Come sapete, in Sicilia si sta manifestando, nelle forme più esasperate, il più classico dei fenomeni trasformistici. Le stesse persone a cui il centrosinistra si è opposto per anni, che hanno governato nelle giunte e con le maggioranze di Cuffaro e Lombardo, ora fanno il loro ingresso – trionfale – nel Pd. Dall’altra parte – a ogni azione ne corrisponde una, forse non uguale, ma certamente contraria – molti elettori e militanti che non si riconoscono più in un progetto politico che ritengono ormai compromesso.

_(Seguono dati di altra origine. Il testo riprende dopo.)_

(* Let $H=H_0+\sum_{i=1}^{N_c}J_iV_i$ on $N_q$ qubits with $H_0=-\sum_{n=1}^{N_q}h_nZ_n$, all $h_n>0$, and each $V_i\in\{I,X,Y,Z\}^{\otimes N_q}$. For $\vec{J}=(J_1,\dots,J_{N_c})$ in a neighbourhood of $0$ let $|E_0\rangle$ be the ground state of $H$, normalized and with phase chosen so that $\langle\vec{0}|E_0\rangle>0$, and expand it as a Taylor series $|E_0\rangle=\sum_{\vec{k}\in\mathbb{N}^{N_c}}\vec{J}^{\cdot\vec{k}}|\Psi_{\vec{k}}\rangle$. Then for every $\vec{k}\in\mathbb{N}^{N_c}$ there is a real number $C_{\vec{k}}$ with $|\Psi_{\vec{k}}\rangle=C_{\vec{k}}\,\vec{V}^{\cdot\vec{k}}|\vec{0}\rangle$.
   Context: $|\vec{0}\rangle$ is the computational basis state with all qubits in $|0\rangle$ (the unique ground state of $H_0$). $\mathbb{N}$ includes $0$. For a vector of numbers $\vec{a}$ and $\vec{k}\in\mathbb{N}^{N_c}$, $\vec{a}^{\cdot\vec{k}}=\prod_i a_i^{k_i}$; for the vector of operators $\vec{V}=(V_1,\dots,V_{N_c})$, $\vec{V}^{\cdot\vec{k}}=V_{N_c}^{k_{N_c}}\cdots V_2^{k_2}V_1^{k_1}$ (product ordered right-to-left). *)

theory Defs
  imports "HOL-Analysis.Analysis"
begin

text \<open>Qubits are indexed 0..<Nq, couplings 0..<Nc (the paper uses 1-based indices).
  A computational basis state is a bit assignment nat => bool that is False outside
  0..<Nq; bit False = |0>, bit True = |1>.\<close>

datatype pauli = PI | PX | PY | PZ

type_synonym bstate = "nat \<Rightarrow> bool"
type_synonym qstate = "bstate \<Rightarrow> complex"

definition bstates :: "nat \<Rightarrow> bstate set" where
  "bstates Nq = {b. \<forall>n. Nq \<le> n \<longrightarrow> \<not> b n}"

definition zero_bstate :: bstate where
  "zero_bstate = (\<lambda>n. False)"

definition ket0 :: qstate where
  "ket0 = (\<lambda>b. if b = zero_bstate then 1 else 0)"

definition supported :: "nat \<Rightarrow> qstate \<Rightarrow> bool" where
  "supported Nq \<psi> \<longleftrightarrow> (\<forall>b. b \<notin> bstates Nq \<longrightarrow> \<psi> b = 0)"

definition sq_norm_state :: "nat \<Rightarrow> qstate \<Rightarrow> real" where
  "sq_norm_state Nq \<psi> = (\<Sum>b\<in>bstates Nq. (cmod (\<psi> b))^2)"

fun pauli_flips :: "pauli \<Rightarrow> bool" where
  "pauli_flips PI = False"
| "pauli_flips PX = True"
| "pauli_flips PY = True"
| "pauli_flips PZ = False"

text \<open>Phase picked up by a single-qubit Pauli acting on input bit:
  X|b> = |1-b>, Y|0> = i|1>, Y|1> = -i|0>, Z|0> = |0>, Z|1> = -|1>.\<close>
fun pauli_phase :: "pauli \<Rightarrow> bool \<Rightarrow> complex" where
  "pauli_phase PI _ = 1"
| "pauli_phase PX _ = 1"
| "pauli_phase PY b = (if b then - \<i> else \<i>)"
| "pauli_phase PZ b = (if b then -1 else 1)"

definition flip_bits :: "nat \<Rightarrow> (nat \<Rightarrow> pauli) \<Rightarrow> bstate \<Rightarrow> bstate" where
  "flip_bits Nq P b = (\<lambda>n. if n < Nq \<and> pauli_flips (P n) then \<not> b n else b n)"

definition pauli_op :: "nat \<Rightarrow> (nat \<Rightarrow> pauli) \<Rightarrow> qstate \<Rightarrow> qstate" where
  "pauli_op Nq P \<psi> =
     (\<lambda>b'. (\<Prod>n<Nq. pauli_phase (P n) (flip_bits Nq P b' n)) * \<psi> (flip_bits Nq P b'))"

definition H0_op :: "nat \<Rightarrow> (nat \<Rightarrow> real) \<Rightarrow> qstate \<Rightarrow> qstate" where
  "H0_op Nq h \<psi> = (\<lambda>b. - of_real (\<Sum>n<Nq. h n * (if b n then -1 else 1)) * \<psi> b)"

definition ham_op :: "nat \<Rightarrow> nat \<Rightarrow> (nat \<Rightarrow> real) \<Rightarrow> (nat \<Rightarrow> nat \<Rightarrow> pauli)
    \<Rightarrow> (nat \<Rightarrow> real) \<Rightarrow> qstate \<Rightarrow> qstate" where
  "ham_op Nq Nc h V J \<psi> =
     (\<lambda>b. H0_op Nq h \<psi> b + (\<Sum>i<Nc. of_real (J i) * pauli_op Nq (V i) \<psi> b))"

definition is_ground_state :: "nat \<Rightarrow> (qstate \<Rightarrow> qstate) \<Rightarrow> qstate \<Rightarrow> bool" where
  "is_ground_state Nq H \<psi> \<longleftrightarrow>
     supported Nq \<psi> \<and> sq_norm_state Nq \<psi> = 1 \<and>
     (\<exists>E::real. H \<psi> = (\<lambda>b. of_real E * \<psi> b) \<and>
        (\<forall>(\<mu>::complex) \<phi>. supported Nq \<phi> \<and> \<phi> \<noteq> (\<lambda>_. 0) \<and> H \<phi> = (\<lambda>b. \<mu> * \<phi> b)
              \<longrightarrow> E \<le> Re \<mu>))"

definition multi_indices :: "nat \<Rightarrow> (nat \<Rightarrow> nat) set" where
  "multi_indices Nc = {k. \<forall>i. Nc \<le> i \<longrightarrow> k i = 0}"

definition mono_pow :: "nat \<Rightarrow> (nat \<Rightarrow> real) \<Rightarrow> (nat \<Rightarrow> nat) \<Rightarrow> real" where
  "mono_pow Nc J k = (\<Prod>i<Nc. J i ^ k i)"

text \<open>vpow Nq V k m psi = V_(m-1)^(k_(m-1)) ... V_1^(k_1) V_0^(k_0) psi
  (rightmost factor applied first).\<close>
primrec vpow :: "nat \<Rightarrow> (nat \<Rightarrow> nat \<Rightarrow> pauli) \<Rightarrow> (nat \<Rightarrow> nat) \<Rightarrow> nat \<Rightarrow> qstate \<Rightarrow> qstate" where
  "vpow Nq V k 0 \<psi> = \<psi>"
| "vpow Nq V k (Suc m) \<psi> = (pauli_op Nq (V m) ^^ k m) (vpow Nq V k m \<psi>)"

Il problema più profondo non è solo quello di registrare una questione etico-politica (certi personaggi sono molto discutibili, anzi: non andrebbero proprio discussi) e non riguarda soltanto lo spostamento a destra del Pd e quindi di tutto il sistema politico, che è la naturale conseguenza qualsiasi tipo di larga intesa, come ripetiamo da tempo. Questo è un problema, per molti insuperabile, siamo d’accordo. Ma non è nemmeno il problema più grande, rappresentato da un fatto ancora più pericoloso.

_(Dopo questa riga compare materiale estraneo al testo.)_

lemma eventually_le_add_scaled:
  fixes u w :: "'a \<Rightarrow> real"
  assumes w_infty: "filterlim w at_top F"
    and growth: "Limsup F (\<lambda>x. ereal (u x / w x)) \<le> 0"
    and "\<epsilon> > 0"
  shows "eventually (\<lambda>x. u x \<le> M + \<epsilon> * w x) F"
proof -
  have "Limsup F (\<lambda>x. ereal (u x / w x)) < ereal (\<epsilon> / 2)"
    using growth \<open>\<epsilon> > 0\<close> by (simp add: le_less_trans)
  then have "eventually (\<lambda>x. u x / w x < \<epsilon> / 2) F"
    by (auto dest: Limsup_lessD)
  moreover have "eventually (\<lambda>x. 2 * \<bar>M\<bar> / \<epsilon> < w x) F"
    using w_infty by (simp add: filterlim_at_top_dense)
  ultimately show ?thesis
  proof eventually_elim
    case (elim x)
    moreover have "0 \<le> 2 * \<bar>M\<bar> / \<epsilon>"
      using \<open>\<epsilon> > 0\<close> by simp
    ultimately have "0 < w x"
      by linarith
    then have "u x < \<epsilon> / 2 * w x" and "2 * \<bar>M\<bar> < \<epsilon> * w x"
      using elim \<open>\<epsilon> > 0\<close> by (simp_all add: divide_less_eq mult.commute)
    then show ?case
      by linarith
  qed
qed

Ve lo rappresento così, come Valentina Spata e Erasmo Palazzotto me lo stanno raccontando in queste ore: se tutti stanno insieme, non ci sono più alternative, non c’è più alternanza, non c’è più una minoranza che controlla una maggioranza, c’è solo uno scambio, non più il confronto. E la democrazia, così, non funziona più.

Leggo che i dirigenti del Pd siciliano dicono che il 61 a zero di qualche anno fa si è ribaltato e che ora è tutto a nostro favore. Senza distinzioni, senza articolazioni, senza contrasti. Questo è il problema più grande. Non saperlo riconoscere, e anzi enfatizzarlo come fatto positivo, è la cosa più grave. Rispetto alla quale non è solo comprensibile, ma è giusto – dal punto di vista democratico e repubblicano – ribellarsi.